Comparisons of SNP allele and PHASE haplotype frequencies in case patients and control subjects were performed with the χ2 test. Testing SNP alleles for association with quantitative traits was carried out with the Wilcoxon-Kruskal-Wallis test (3032). Pairwise LD was calculated with the GOLD software package (33) from the haplotype counts output by PHASE. Serum adiponectin levels were measured as described previously (25) and corrected for sex, age, and BMI (26). Linkage analyses were carried out using the Genehunter software package (34). Type 2 diabetes logarithm of odds (LOD) scores were calculated using the MLS statistic (35) with all ASPs included but weighted by 2/n affected siblings. LOD scores for adiponectin levels were carried out using the EM Haseman-Elston regression statistic (36) with only the first ASP from each sibship included in the analysis (34,36). The information content for all microsatellite markers in the 3q27-qter region exceeded 0.85 (24).

Association with the evidence for linkage.

For each SNP, we tested both alleles for association with the evidence for linkage (AEL). Following a modified version of the method of Horikawa et al. (37), we postulated that if allele 1 (the major allele) was the predisposing allele, then ASPs that contribute to the linkage would have concordant 1x-1x genotypes, i.e., 1/1-1/1 or 1/2-1/2 genotypes. Similarly, if allele 2 (the minor allele) were the risk allele, then ASPs would have concordant x2-x2 genotypes, i.e., 1/2-1/2 or 2/2-2/2 genotypes. This is equivalent to a dominant model of inheritance. Accordingly, a set of ASPs with concordant genotypes 1/1-1/1 or 1/2-1/2 and a set of ASPs with concordant genotypes 1/2-1/2 or 2/2-2/2 were identified. Expected identical-by-descent (ibd) allele-sharing proportions under the null hypothesis of no AEL were calculated for each concordant ASP set conditional on allele frequency, concordant genotype, and the estimated ibd sharing distribution for peak linkage marker D3S1580 (24). The probability of an ASP having the concordant genotype 1/1 or 2/2 is given by p4−s or q4−s, respectively, where p and q are the frequencies of alleles 1 and 2 and s is the number of alleles shared ibd. The probability of an ASP having the concordant genotype 1/2 given 0, 1, and 2 alleles shared ibd is (2pq)2, pq, and 2pq, respectively. Observed ibd sharing proportions were determined by counting the number of concordant ASPs in each ibd class, as indicated by the estimated ibd sharing status of the ASP. An observed allele-sharing proportion that is higher than the null level presents evidence of AEL. The statistical significance of the difference between the observed and expected allele sharing was determined by gene-dropping simulation, preserving the ibd status of ASPs, as described previously (29,37). Empirical P values were all >0.05 with 100 simulations.

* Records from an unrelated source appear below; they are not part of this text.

lemma falling_fact_step_egf:
  fixes a z t :: complex
  assumes "a \<noteq> 0" "norm (t * a) < 1"
  shows "(\<lambda>n. t ^ n / fact n * falling_fact_step a n z) sums exp (z / a * Ln (1 + t * a))"
    and "summable (\<lambda>n. norm (t ^ n / fact n * falling_fact_step a n z))"
proof -
  have term_eq: "t ^ n / fact n * falling_fact_step a n z = ((z / a) gchoose n) * (t * a) ^ n" for n
    by (simp add: gbinomial_mult_power_eq_falling_fact_step[OF assms(1)])
  have "1 + t * a \<noteq> 0"
    using assms(2) by (metis add_eq_0_iff norm_minus_cancel norm_one less_irrefl)
  then show "(\<lambda>n. t ^ n / fact n * falling_fact_step a n z) sums exp (z / a * Ln (1 + t * a))"
    unfolding term_eq using gen_binomial_complex[OF assms(2), of "z / a"] by (simp add: powr_def)
  define \<rho> where "\<rho> = (1 + norm (t * a)) / 2"
  have "norm (t * a) < \<rho>" "\<bar>\<rho>\<bar> < 1"
    using assms(2) by (auto simp: \<rho>_def)
  then have "summable (\<lambda>n. ((z / a) gchoose n) * of_real \<rho> ^ n)"
    using gen_binomial_complex[of "of_real \<rho>" "z / a"] by (auto dest: sums_summable)
  then show "summable (\<lambda>n. norm (t ^ n / fact n * falling_fact_step a n z))"
    unfolding term_eq by (rule powser_insidea) (use \<open>norm (t * a) < \<rho>\<close> in auto)
qed

lemma egf_binomial_convolution_exp:
  fixes x :: "nat \<Rightarrow> 'a::{real_normed_field,banach}"
  assumes "summable (\<lambda>n. norm (t ^ n / fact n * x n))"
    and "(\<lambda>n. t ^ n / fact n * x n) sums X"
  shows "(\<lambda>n. t ^ n / fact n * (\<Sum>i\<le>n. of_nat (n choose i) * b ^ (n - i) * x i)) sums (X * exp (b * t))"
proof -
  define A where "A = (\<lambda>n. t ^ n / fact n * x n)"
  define E where "E = (\<lambda>n. (b * t) ^ n /\<^sub>R fact n)"
  have "A i * E (n - i) = t ^ n / fact n * (of_nat (n choose i) * b ^ (n - i) * x i)" if "i \<le> n" for n i
  proof -
    have "t ^ n = t ^ i * t ^ (n - i)"
      using that by (simp flip: power_add)
    then show ?thesis
      unfolding A_def E_def binomial_fact[OF that]
      by (simp add: scaleR_conv_of_real power_mult_distrib field_simps)
  qed
  then have "(\<lambda>n. \<Sum>i\<le>n. A i * E (n - i)) = (\<lambda>n. t ^ n / fact n * (\<Sum>i\<le>n. of_nat (n choose i) * b ^ (n - i) * x i))"
    by (simp add: sum_distrib_left)
  moreover have "(\<lambda>n. \<Sum>i\<le>n. A i * E (n - i)) sums (suminf A * suminf E)"
    using assms(1) summable_norm_exp[of "b * t"] unfolding A_def E_def by (rule Cauchy_product_sums)
  moreover have "suminf A * suminf E = X * exp (b * t)"
    using assms(2) exp_converges[of "b * t"] by (simp add: A_def E_def sums_iff)
  ultimately show ?thesis
    by simp
qed

lemma Fop_shiftE_monom_egf:
  fixes z t b :: complex
  assumes "\<alpha> > 0" "norm t < 1 / \<alpha>"
  shows "(\<lambda>n. t ^ n / fact n * poly (Fop \<alpha> (shiftE b (monom 1 n))) z)
           sums exp (z / of_real \<alpha> * Ln (1 + t * of_real \<alpha>) + b * t)"
proof -
  have \<alpha>: "complex_of_real \<alpha> \<noteq> 0" "norm (t * of_real \<alpha>) < 1"
    using assms by (auto simp: norm_mult field_simps)
  have "poly (Fop \<alpha> (shiftE b (monom 1 n))) z
      = (\<Sum>i\<le>n. of_nat (n choose i) * b ^ (n - i) * falling_fact_step (of_real \<alpha>) i z)" for n
    by (simp add: shiftE_monom_1 poly_linear_sum[OF poly_linear_Fop] Fop_monom poly_sum
        poly_falling_step)
  then show ?thesis
    using egf_binomial_convolution_exp[OF falling_fact_step_egf(2,1)[OF \<alpha>]]
    by (simp add: exp_add)
qed

lemma egf_coeffs_unique:
  fixes x y :: "nat \<Rightarrow> complex"
  assumes "r > 0"
    and "\<And>t. norm t < r \<Longrightarrow> (\<lambda>n. t ^ n / fact n * x n) sums f t"
    and "\<And>t. norm t < r \<Longrightarrow> (\<lambda>n. t ^ n / fact n * y n) sums f t"
  shows "x = y"
proof -
  have radius: "fps_conv_radius (Abs_fps (\<lambda>n. w n / fact n)) > 0"
    if w: "\<And>t. norm t < r \<Longrightarrow> (\<lambda>n. t ^ n / fact n * w n) sums f t" for w
  proof -
    have "summable (\<lambda>n. w n / fact n * of_real (r / 2) ^ n)"
      using sums_summable[OF w[of "of_real (r / 2)"]] assms(1) by (simp add: field_simps)
    then have "norm (complex_of_real (r / 2)) \<le> conv_radius (\<lambda>n. w n / fact n)"
      by (rule conv_radius_geI)
    then have "ereal (r / 2) \<le> fps_conv_radius (Abs_fps (\<lambda>n. w n / fact n))"
      using assms(1) by (simp add: fps_conv_radius_def)
    then show ?thesis
      using assms(1) by (metis ereal_less(2) half_gt_zero order_less_le_trans)
  qed
  have eval: "eval_fps (Abs_fps (\<lambda>n. w n / fact n)) t = f t"
    if "norm t < r" and w: "\<And>t. norm t < r \<Longrightarrow> (\<lambda>n. t ^ n / fact n * w n) sums f t" for w t
    using w[OF that(1)] by (simp add: eval_fps_def sums_iff field_simps)
  have "eventually (\<lambda>t. norm t < r) (nhds (0::complex))"
    using eventually_nhds_ball[OF assms(1), of "0::complex"] by (simp add: dist_norm)
  then have "eventually (\<lambda>t. eval_fps (Abs_fps (\<lambda>n. x n / fact n)) t
      = eval_fps (Abs_fps (\<lambda>n. y n / fact n)) t) (nhds 0)"
    by eventually_elim (simp add: eval[OF _ assms(2)] eval[OF _ assms(3)])
  then have "Abs_fps (\<lambda>n. x n / fact n) = Abs_fps (\<lambda>n. y n / fact n)"
    using radius[OF assms(2)] radius[OF assms(3)] by (intro eval_fps_eqD)
  then show ?thesis
    by (simp add: fun_eq_iff fps_eq_iff)
qed

lemma charlier_eq_Fop_shiftE_monom:
  fixes \<alpha> \<sigma> :: real and c :: "nat \<Rightarrow> complex poly"
  assumes "\<alpha> > 0"
    and c_gen: "\<And>z t. norm t < 1 / \<alpha> \<Longrightarrow>
       (\<lambda>n. t ^ n / fact n * poly (c n) z) sums
         exp (z / of_real \<alpha> * Ln (1 + t * of_real \<alpha>) - of_real \<sigma> * t / of_real \<alpha>)"
  shows "c n = Fop \<alpha> (shiftE (of_real (- \<sigma> / \<alpha>)) (monom 1 n))"
proof (rule poly_ext)
  fix z
  have "(\<lambda>n. poly (c n) z) = (\<lambda>n. poly (Fop \<alpha> (shiftE (of_real (- \<sigma> / \<alpha>)) (monom 1 n))) z)"
  proof (rule egf_coeffs_unique)
    fix t :: complex
    assume t: "norm t < 1 / \<alpha>"
    show "(\<lambda>n. t ^ n / fact n * poly (c n) z) sums
        exp (z / of_real \<alpha> * Ln (1 + t * of_real \<alpha>) - of_real \<sigma> * t / of_real \<alpha>)"
      using c_gen[OF t] .
    show "(\<lambda>n. t ^ n / fact n * poly (Fop \<alpha> (shiftE (of_real (- \<sigma> / \<alpha>)) (monom 1 n))) z) sums
        exp (z / of_real \<alpha> * Ln (1 + t * of_real \<alpha>) - of_real \<sigma> * t / of_real \<alpha>)"
      using Fop_shiftE_monom_egf[OF assms(1) t, where z = z and b = "of_real (- \<sigma> / \<alpha>)"] by simp
  qed (use assms(1) in simp)
  then show "poly (c n) z = poly (Fop \<alpha> (shiftE (of_real (- \<sigma> / \<alpha>)) (monom 1 n))) z"
    by (simp add: fun_eq_iff)
qed
theorem mainTheorem7:
  fixes A :: "real^'n^'n" and A2 :: "real^'m^'m"
    and C :: "real^'n^'l" and C2 :: "real^'m^'l"
    and W :: "real^'l^'l" and Shat :: "real^'l^'l"
    and \<gamma>1 \<gamma>2 :: real
  assumes A_spd: "sym_pos_def A"
    and A2_spsd: "sym_pos_semidef A2"
    and A2_ker: "mat_ker A2 = span {1 :: real^'m}"
    and C_full: "rank C = CARD('l)"
    and C2_one: "(1 :: real^'m) \<notin> mat_ker C2"
    and W_spd: "sym_pos_def W"
    and g1: "\<gamma>1 > 0" and g2: "\<gamma>2 > 0"
    and S_inv: "invertible Shat"
  shows
   "let A11 = A + \<gamma>1 *\<^sub>R (transpose C ** matrix_inv W ** C);
        A12 = - (\<gamma>1 *\<^sub>R (transpose C ** matrix_inv W ** C2));
        A21 = - (\<gamma>2 *\<^sub>R (transpose C2 ** matrix_inv W ** C));
        A22 = A2 + \<gamma>2 *\<^sub>R (transpose C2 ** matrix_inv W ** C2);
        AA = block3 A11 A12 (transpose C) A21 A22 (- transpose C2) C (- C2) 0;
        PP = block3 A11 A12 (transpose C) 0 A22 (- transpose C2) 0 0 Shat;
        F = matrix_inv (mat 1 + \<gamma>1 *\<^sub>R (C ** matrix_inv A ** transpose C ** matrix_inv W));
        D = \<gamma>2 *\<^sub>R (transpose C2 ** matrix_inv W ** (mat 1 - F));
        E = C2 ** matrix_inv A22;
        G = mat 1 - \<gamma>1 *\<^sub>R (C2 ** matrix_inv A22 ** transpose C2 ** matrix_inv W)
    in AA ** matrix_inv PP =
       block3 (mat 1) 0 0
              (A21 ** matrix_inv A11) (mat 1 - D ** E) (D ** G ** ((1 / \<gamma>1) *\<^sub>R W) ** matrix_inv Shat)
              (C ** matrix_inv A11) (- (F ** E)) ((mat 1 - F ** G) ** ((- 1 / \<gamma>1) *\<^sub>R W) ** matrix_inv Shat)"
proof -
  have W: "invertible W" and A: "invertible A"
    using W_spd A_spd by (simp_all add: sym_pos_def_imp_invertible)
  have A11: "invertible (A + \<gamma>1 *\<^sub>R (transpose C ** matrix_inv W ** C))"
    using A_spd W_spd g1
    by (intro invertible_add_congruence)
      (simp_all add: sym_pos_def_imp_semidef sym_pos_def_matrix_inv mat_ker_sym_pos_def)
  have "mat_ker A2 \<inter> mat_ker C2 \<subseteq> {0}"
  proof
    fix x assume x: "x \<in> mat_ker A2 \<inter> mat_ker C2"
    then obtain c where c: "x = c *\<^sub>R 1"
      using A2_ker by (auto simp: span_singleton)
    with x have "c *\<^sub>R (C2 *v 1) = 0"
      by (simp add: mat_ker_def matrix_vector_mult_scaleR)
    with C2_one c show "x \<in> {0}"
      by (simp add: mat_ker_def)
  qed
  then have A22: "invertible (A2 + \<gamma>2 *\<^sub>R (transpose C2 ** matrix_inv W ** C2))"
    using A2_spsd W_spd g2 by (intro invertible_add_congruence) (simp_all add: sym_pos_def_matrix_inv)
  have "invertible ((W + \<gamma>1 *\<^sub>R (transpose (transpose C) ** matrix_inv A ** transpose C)) ** matrix_inv W)"
    using A_spd W_spd g1
    by (intro invertible_mult invertible_add_congruence)
      (simp_all add: sym_pos_def_imp_semidef sym_pos_def_matrix_inv mat_ker_sym_pos_def
        sym_pos_def_imp_invertible)
  then have N: "invertible (mat 1 + \<gamma>1 *\<^sub>R (C ** matrix_inv A ** transpose C ** matrix_inv W))"
    by (simp add: matrix_ring_simps matrix_inv_right W)
  have "invertible (block3 (A + \<gamma>1 *\<^sub>R (transpose C ** matrix_inv W ** C))
      (- (\<gamma>1 *\<^sub>R (transpose C ** matrix_inv W ** C2))) (transpose C)
      0 (A2 + \<gamma>2 *\<^sub>R (transpose C2 ** matrix_inv W ** C2)) (- transpose C2) 0 0 Shat)"
    using A11 A22 S_inv by (rule block3_upper_triangular_invertible)
  moreover have "\<gamma>1 \<noteq> 0"
    using g1 by simp
  ultimately show ?thesis
    unfolding Let_def
    by (intro matrix_inv_eqI augmented_lagrangian_factorization A11 A22 W S_inv
        push_through_identity A N)
qed

end
lemma nabla_Suc: "nabla (Suc j) x k = nabla j x k - nabla j x (Suc k)"
proof -
  have "nabla (Suc j) x k = (\<Sum>i\<le>Suc j. (-1)^i * real (Suc j choose i) * x (k + i))"
    by (simp add: nabla_def atLeast0AtMost)
  also have "\<dots> = x k + (\<Sum>i\<le>j. (-1)^(Suc i) * real (Suc j choose Suc i) * x (k + Suc i))"
    by (subst sum.atMost_Suc_shift) simp
  also have "\<dots> = x k + (\<Sum>i\<le>j. (-1)^(Suc i) * real (j choose i) * x (k + Suc i))
         + (\<Sum>i\<le>j. (-1)^(Suc i) * real (j choose Suc i) * x (k + Suc i))"
    unfolding add.assoc sum.distrib[symmetric]
    by (rule arg_cong[where f="\<lambda>t. x k + t"], rule sum.cong) (simp_all add: algebra_simps)
  also have "(\<Sum>i\<le>j. (-1)^(Suc i) * real (j choose Suc i) * x (k + Suc i))
      = (\<Sum>i\<le>Suc j. (-1)^i * real (j choose i) * x (k + i)) - x k"
    by (simp only: sum.atMost_Suc_shift) simp
  also have "(\<Sum>i\<le>Suc j. (-1)^i * real (j choose i) * x (k + i)) = nabla j x k"
    by (simp add: nabla_def atLeast0AtMost)
  also have "(\<Sum>i\<le>j. (-1)^(Suc i) * real (j choose i) * x (k + Suc i)) = - nabla j x (Suc k)"
    by (simp add: nabla_def atLeast0AtMost sum_negf[symmetric])
  finally show ?thesis by simp
qed

lemma nabla_cong: "(\<And>k. x k = y k) \<Longrightarrow> nabla j x k = nabla j y k"
  by (simp add: nabla_def)

lemma nabla_shift: "nabla j (\<lambda>k. x (Suc k)) k = nabla j x (Suc k)"
  by (simp add: nabla_def)

lemma nabla_add: "nabla j (\<lambda>k. x k + y k) k = nabla j x k + nabla j y k"
  by (simp add: nabla_def sum.distrib algebra_simps)

lemma nabla_diff: "nabla j (\<lambda>k. x k - y k) k = nabla j x k - nabla j y k"
  by (simp add: nabla_def sum_subtractf algebra_simps)

lemma nabla_cmult: "nabla j (\<lambda>k. c * x k) k = c * nabla j x k"
  by (simp add: nabla_def sum_distrib_left algebra_simps)

lemma nabla_const: "1 \<le> j \<Longrightarrow> nabla j (\<lambda>k. c) k = 0"
proof (induction j)
  case (Suc j)
  have "nabla j (\<lambda>k. c) k = nabla j (\<lambda>k. c) (Suc k)"
    by (simp add: nabla_def)
  then show ?case by (simp add: nabla_Suc)
qed simp

lemma nabla_Suc_eq_nabla_diff: "nabla (Suc j) x k = nabla j (\<lambda>k. x k - x (Suc k)) k"
  by (simp add: nabla_Suc nabla_diff nabla_shift)

text \<open>Leibniz rule: \<open>\<nabla>(u v)\<^sub>k = (\<nabla>u)\<^sub>k v\<^sub>k + u\<^sub>k\<^sub>+\<^sub>1 (\<nabla>v)\<^sub>k\<close>.\<close>

lemma nabla_mult_nonneg:
  assumes "\<And>i k. i \<le> j \<Longrightarrow> 0 \<le> nabla i u k" and "\<And>i k. i \<le> j \<Longrightarrow> 0 \<le> nabla i v k"
  shows "0 \<le> nabla j (\<lambda>k. u k * v k) k"
  using assms
proof (induction j arbitrary: u v k)
  case 0
  then show ?case by simp
next
  case (Suc j)
  have "nabla (Suc j) (\<lambda>k. u k * v k) k =
      nabla j (\<lambda>k. (u k - u (Suc k)) * v k) k + nabla j (\<lambda>k. u (Suc k) * (v k - v (Suc k))) k"
    unfolding nabla_Suc_eq_nabla_diff nabla_add[symmetric]
    by (rule nabla_cong) (simp add: algebra_simps)
  moreover have "0 \<le> nabla j (\<lambda>k. (u k - u (Suc k)) * v k) k"
    by (rule Suc.IH) (use Suc.prems in \<open>auto simp: nabla_Suc_eq_nabla_diff[symmetric]\<close>)
  moreover have "0 \<le> nabla j (\<lambda>k. u (Suc k) * (v k - v (Suc k))) k"
    by (rule Suc.IH) (use Suc.prems in \<open>auto simp: nabla_Suc_eq_nabla_diff[symmetric] nabla_shift\<close>)
  ultimately show ?case by simp
qed
(* Let $M,M'$ be positive integers, $L_1\ge2$, $L_2\ge1$, and let $\Gamma_{1,1},\dots,\Gamma_{1,L_1},\Gamma_{2,1},\dots,\Gamma_{2,L_2}$ be pairwise co-prime positive integers with $\Gamma_{1,1}=\dot\Gamma_{1,1}M'$ for some integer $\dot\Gamma_{1,1}$. Consider the moduli $M_i=M\Gamma_{1,i}$ for $1\le i\le L_1$ and $M_{L_1+i}=MM'\Gamma_{2,i}$ for $1\le i\le L_2$. Let $N$ be an integer with $0\le N<\operatorname{lcm}(M_1,\dots,M_{L_1+L_2})$, let $r_i$ be the remainder of $N$ modulo $M_i$, $n_i=(N-r_i)/M_i$, and let $\tilde r_i$ be integers with $0\le\tilde r_i\le M_i-1$ and $|\tilde r_i-r_i|\le\tau_i$, where $$\tau_1<M/4,\qquad \tau_i\le M/4\ (2\le i\le L_1),\qquad \tau_i\le MM'/2-M/4\ (L_1+1\le i\le L_1+L_2).$$ Then the single-stage algorithm (described in the context) run on $M_1,\dots,M_{L_1+L_2}$ with reference index $1$ and inputs $\tilde r_i$ outputs $\hat n_i=n_i$ for all $1\le i\le L_1+L_2$.
   Context: For $x\in\mathbb R$, $[x]$ denotes the unique integer with $-1/2\le x-[x]<1/2$. Single-stage algorithm: let $P_1,\dots,P_m$ ($m\ge2$) be pairwise distinct positive integers, $k\in\{1,\dots,m\}$ a reference index, and $x_1,\dots,x_m$ integers. For each $i\ne k$ put $m_{ki}=\gcd(P_k,P_i)$, $\Gamma_{ki}=P_k/m_{ki}$, $\Gamma_{ik}=P_i/m_{ki}$, $\hat q_{ik}=[(x_i-x_k)/m_{ki}]$; let $\bar\Gamma_{ki}$ be a multiplicative inverse of $\Gamma_{ki}$ modulo $\Gamma_{ik}$, and let $\hat\xi_{ik}\in\{0,\dots,\Gamma_{ik}-1\}$ with $\hat\xi_{ik}\equiv\hat q_{ik}\bar\Gamma_{ki}\pmod{\Gamma_{ik}}$. Let $\hat n_k$ be the least nonnegative integer $y$ with $y\equiv\hat\xi_{ik}\pmod{\Gamma_{ik}}$ for all $i\ne k$ (if no such $y$ exists the algorithm fails). For $i\ne k$ set $\hat n_i=(\hat n_k\Gamma_{ki}-\hat q_{ik})/\Gamma_{ik}$. Outputs: $\hat n_1,\dots,\hat n_m$ and the estimate $[\frac1m\sum_{i=1}^m(\hat n_iP_i+x_i)]$. *)

theory Defs
  imports "HOL-Number_Theory.Number_Theory"
begin

definition rnd :: "real \<Rightarrow> int" where
  "rnd x = (THE k::int. - 1/2 \<le> x - real_of_int k \<and> x - real_of_int k < 1/2)"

We have performed a case-control genetic association study of APM1 genetic variants in the French Caucasian population, with the aim of replicating the results of a previous report indicating that SNPs in the APM1 promoter region are associated with type 2 diabetes (26). The genotype distribution was in accordance with Hardy-Weinberg equilibrium for all SNPs (data not shown). There were no significant differences in SNP allele or haplotype frequencies between men and women, and no additional associations were uncovered by stratifying for sex (data not shown).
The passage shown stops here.